I'm not sure this is helpful for new people to the forum who are looking for ways of modifying their diet to manage high blood glucose levels.
It should have a disclaimer that this is YOUR way and at the moment there are no blood glucose readings to see if it is even working for you. Good luck with your experiment.

See the OPs first post in this thread
 
Where is the research showing a diet high in refined carbs like fruit juice, white bread, white rice, and sugar has been a success in getting type 2 diabetes into remission?

I have seen research showing whole food diets using legumes and grains can help reverse insulin resistance, which makes sense as it may reduce lipotoxicity, but that's using it as a very low calorie diet in the short term and also combined with exercise.
 
Where is the research showing a diet high in refined carbs like fruit juice, white bread, white rice, and sugar has been a success in getting type 2 diabetes into remission?

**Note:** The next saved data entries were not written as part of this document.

(* Consider the model and approximate SIR $\widetilde{\mathsf{SIR}}_L$ in the context with $\alpha=4$, $p=q=1$ and $L\ge2$. If $\beta<\frac{\gamma}{L-1}$, then $$\mathbb{P}\left(\widetilde{\mathsf{SIR}}_L\ge\frac{\beta}{\gamma}\right)=\int_0^{\sqrt{\frac{\gamma/\beta-(L-1)}{\pi\lambda}}}\left(1-\frac{1}{\sqrt{\gamma/\beta-\pi\lambda r^2+\frac{(L-2)^2}{4}}-\frac{L-2}{2}}\right)^{L-1}f_{R_L}(r)\,dr,$$ where $f_{R_L}(r)=e^{-\lambda\pi r^2}\frac{2(\lambda\pi r^2)^L}{r\,(L-1)!}$; and if $\beta\ge\frac{\gamma}{L-1}$ this probability is $0$.
   Context: Let $\Phi$ be a homogeneous Poisson point process on $\mathbb{R}^2$ of intensity $\lambda>0$ (base stations), user at the origin $o$; label points in increasing distance as $x_1,x_2,\dots$, $R_k=\|x_k\|$. Fix an integer $L\ge2$, $\alpha>2$, $\gamma>0$, $\beta>0$, $p\in[0,1]$, $q\in(0,1]$. Independently of $\Phi$ let $a_1,\dots,a_{L-1}$ be i.i.d. Bernoulli($p$), $\Omega=\sum_{i=1}^{L-1}a_i$; when $\Omega\ge1$, $\hat R_1$ is the smallest distance from $o$ among the $x_i$ with $i\le L-1$, $a_i=1$. Approximate SIR (dominant-interferer approximation, interference-limited): if $\Omega\ge1$, $$\widetilde{\mathsf{SIR}}_L=\frac{R_L^{-\alpha}}{\hat R_1^{-\alpha}+\frac{2(\Omega-1)}{2-\alpha}\cdot\frac{R_L^{2-\alpha}-\hat R_1^{2-\alpha}}{R_L^2-\hat R_1^2}+\frac{2\pi q\lambda}{\alpha-2}R_L^{2-\alpha}},$$ and if $\Omega=0$, $\widetilde{\mathsf{SIR}}_L=\frac{R_L^{-\alpha}}{\frac{2\pi q\lambda}{\alpha-2}R_L^{2-\alpha}}$. *)

theory Defs
  imports "HOL-Probability.Probability"
begin

text \<open>Homogeneous Poisson point process on the plane (real \<times> real, Euclidean norm),
  modelled as a random locally finite set of points \<Phi> \<omega> (a simple point process)
  on a probability space M, with Poisson(\<lambda>|A|) counts on bounded Borel sets and
  independent counts on disjoint bounded Borel sets.\<close>

definition poisson_pp :: "'w measure \<Rightarrow> real \<Rightarrow> ('w \<Rightarrow> (real \<times> real) set) \<Rightarrow> bool" where
  "poisson_pp M lam Phi \<longleftrightarrow>
     prob_space M \<and>
     (\<forall>\<omega>\<in>space M. \<forall>A. bounded A \<longrightarrow> finite (Phi \<omega> \<inter> A)) \<and>
     (\<forall>A \<in> sets lborel. bounded A \<longrightarrow>
        (\<lambda>\<omega>. card (Phi \<omega> \<inter> A)) \<in> measurable M (count_space UNIV) \<and>
        (\<forall>k::nat. measure M {\<omega> \<in> space M. card (Phi \<omega> \<inter> A) = k}
            = (lam * measure lborel A) ^ k / fact k * exp (- (lam * measure lborel A)))) \<and>
     (\<forall>(I::nat set) (A::nat \<Rightarrow> (real \<times> real) set). finite I \<longrightarrow> disjoint_family_on A I \<longrightarrow>
        (\<forall>i\<in>I. A i \<in> sets lborel \<and> bounded (A i)) \<longrightarrow>
        prob_space.indep_vars M (\<lambda>_. count_space UNIV) (\<lambda>i \<omega>. card (Phi \<omega> \<inter> A i)) I)"

definition kth_dist :: "(real \<times> real) set \<Rightarrow> nat \<Rightarrow> real" where
  "kth_dist S k = Inf {r. 0 \<le> r \<and> k \<le> card (S \<inter> cball 0 r)}"

text \<open>Approximate SIR (dominant interferer approximation) for general parameters, given
  \<Omega> (number of active among the L-1 closest BSs), hat R_1 and R_L.\<close>
definition sir_approx :: "real \<Rightarrow> real \<Rightarrow> real \<Rightarrow> nat \<Rightarrow> real \<Rightarrow> real \<Rightarrow> real" where
  "sir_approx \<alpha> q lam \<Omega> hR1 RL =
     (if \<Omega> \<ge> 1 then
        RL powr (-\<alpha>) /
          (hR1 powr (-\<alpha>)
           + 2 * (real \<Omega> - 1) / (2 - \<alpha>) * ((RL powr (2 - \<alpha>) - hR1 powr (2 - \<alpha>)) / (RL^2 - hR1^2))
           + 2 * pi * q * lam / (\<alpha> - 2) * RL powr (2 - \<alpha>))
      else RL powr (-\<alpha>) / (2 * pi * q * lam / (\<alpha> - 2) * RL powr (2 - \<alpha>)))"

end

theory Submission
  imports Defs
begin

I have seen research showing whole food diets using legumes and grains can help reverse insulin resistance, which makes sense as it may reduce lipotoxicity, but that's using it as a very low calorie diet in the short term and also combined with exercise.
Well it's good to see you make the distinction between different types of carbs. But how do wholefood carbs reduce lipotoxicity?
 
I think it's certainly true that carbs don't cause diabetes. But once you have it & while your glucose regulation remains out of whack, heavy carb loads can obviously cause big post-prandial BG levels, big enough & long-lasting enough to cause damage. Not sure what the point of this approach is, but good luck!
 
Well it's good to see you make the distinction between different types of carbs. How do wholefood carbs reduce lipotoxicity?

Low in saturated fat? I don't know, I'm just guessing that this why a whole food diet of grains and legumes helps.

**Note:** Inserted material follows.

(* For every $t\ge2$ and $\sigma\in S_t$, the pattern set $\{(\sigma,[t-2])\}$ (the vincular pattern $\sigma_1\cdots\sigma_{t-1}\text{-}\sigma_t$) admits a finite enumeration scheme of depth $t-1$ in which every reversibly deletable set $R_p$ is either $\emptyset$ or $\{1\}$.
   Context: Vincular pattern $(\sigma,X)$, $\sigma\in S_\ell$, $X\subseteq[\ell-1]$: $\pi$ contains it if some subsequence $\pi_{i_1}\cdots\pi_{i_\ell}$ ($i_1<\dots<i_\ell$) is order-isomorphic to $\sigma$ with $i_{x+1}=i_x+1$ for $x\in X$. For $p\in S_k$ and $w\in[n]^k$ with distinct letters order-isomorphic to $p$, $S_n^B(p;w)$ is the set of $B$-avoiding $\pi\in S_n$ with $\pi_i=w_i$ ($i\le k$). Spacing vector $\vec g(n,w)$: $i$-th component $c_i-c_{i-1}-1$, $c_i$ the $i$-th smallest letter of $w$, $c_0=0,c_{k+1}=n+1$. $\vec v\in\mathbb{N}^{k+1}$ is a gap vector for $p$ w.r.t. $B$ if $S_n^B(p;w)=\emptyset$ whenever $\vec g(n,w)\ge\vec v$ componentwise. $d_R$ deletes the entries in positions $R$ and reduces (for words: subtract from each remaining letter the number of deleted letters smaller than it). $R\subseteq[k]$ is reversibly deletable for $p$ w.r.t. $B$ if, for every $n$ and $w$ with $S_n^B(p;w)\ne\emptyset$, $d_R$ is a bijection $S_n^B(p;w)\to S_{n-|R|}^B(d_R(p);d_R(w))$. A child of $p\in S_k$ is any $p'\in S_{k+1}$ with $p'_1\cdots p'_k$ order-isomorphic to $p$. An enumeration scheme for $B$ is a set $E$ of triples $(p,G_p,R_p)$, $p$ a permutation, $G_p$ a set of gap vectors for $p$ w.r.t. $B$, $R_p$ a reversibly deletable set for $p$ w.r.t. $B$, such that: $(\epsilon,\emptyset,\emptyset)\in E$ ($\epsilon$ the empty permutation); if $(p,G_p,R_p)\in E$ with $R_p=\emptyset$ and $\vec 0\notin G_p$ then every child of $p$ occurs as the first entry of a triple in $E$; if $R_p\ne\emptyset$ then $d_{R_p}(p)$ occurs as the first entry of a triple in $E$. Its depth is the maximum length of a $p$ occurring in $E$. *)

theory Defs
  imports Main
begin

But it's also important that it's used with low calories and exercise.
 
Where is the research showing a diet high in refined carbs like fruit juice, white bread, white rice, and sugar has been a success in getting type 2 diabetes into remission?

I have seen research showing whole food diets using legumes and grains can help reverse insulin resistance, which makes sense as it may reduce lipotoxicity, but that's using it as a very low calorie diet in the short term and also combined with exercise.

Any diet with a calorie deficit can result in clearing visceral fat & hopefully restoring glucose regulation. But subjecting yrself to very high BG levels along the way, before you get there, just seems unnecessarily risky to me.
 
@beating_my_betes - Please do not be so coy about your testing regime. I have had a couple of ideas about how to summarise blood glucose readings over the short term but have yet to come up with something I would put forward. It would be great to see which way you are going.
 
Low in saturated fat? I don't know, I'm just guessing that this why a whole food diet of grains and legumes helps.

But it's also important that it's used with low calories and exercise.
If it's the saturated fat, why would that differ between refined and wholefood carbs?

What do you mean by "low calories" that woudn't also be covered by reduced calories?

And exercise is good for various reasons, but not necessary for what I'm trying to achieve...at least, at the moment.

I'm not trying to be pedantic, or to single you out. But I think its important to distill these bigger claims down to smaller and clearer elements.